> [Task details]: Give back each line of the listing below that contains the string "using".

> [Supplied information]:

lemma PiN_gradient_pythagoras:
  fixes Kx :: "(real^'d::finite) set" and t0 t1 :: real
  defines "K \<equiv> Kx \<times> {t0<..<t1}"
  assumes K: "K \<in> sets lborel" "bounded K" and gx: "\<And>i. L2 K (gx i)"
    and q: "is_PiN p Kx t0 t1 v gx tr q"
  shows "gradsq K q + (\<Sum>i\<in>UNIV. nsq K (\<lambda>z. gx i z - dx i q z)) = (\<Sum>i\<in>UNIV. nsq K (gx i))"
proof -
  define M where "M = restrict_space lborel K"
  have q_poly: "ppoly p q" using q unfolding is_PiN_def by blast
  have dq: "square_integrable M (dx i q)" for i
    unfolding M_def dx_def
    by (rule square_integrable_continuous_on_bounded[OF K(2,1)
          C1_derivative_continuous_on[OF ppoly_C1[OF q_poly]]])
  have "(\<Sum>i\<in>UNIV. integral\<^sup>L M (\<lambda>z. dx i q z * (dx i q z - gx i z))) = 0"
    using q q_poly unfolding is_PiN_def K_def[symmetric] set_integral_eq_restrict[OF K(1)] M_def
    by blast
  moreover have "nsq K (\<lambda>z. gx i z - dx i q z)
      = nsq K (gx i) - nsq K (dx i q) + 2 * integral\<^sup>L M (\<lambda>z. dx i q z * (dx i q z - gx i z))" for i
    using integral_square_diff_eq[OF _ dq] gx L2_iff_square_integrable[OF K(1)]
    unfolding nsq_eq_restrict[OF K(1)] M_def by blast
  ultimately show ?thesis
    unfolding gradsq_def by (simp add: sum.distrib sum_subtractf sum_distrib_left[symmetric])
qed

> [Solution]:
  have q_poly: "ppoly p q" using q unfolding is_PiN_def by blast
    using q q_poly unfolding is_PiN_def K_def[symmetric] set_integral_eq_restrict[OF K(1)] M_def
    using integral_square_diff_eq[OF _ dq] gx L2_iff_square_integrable[OF K(1)]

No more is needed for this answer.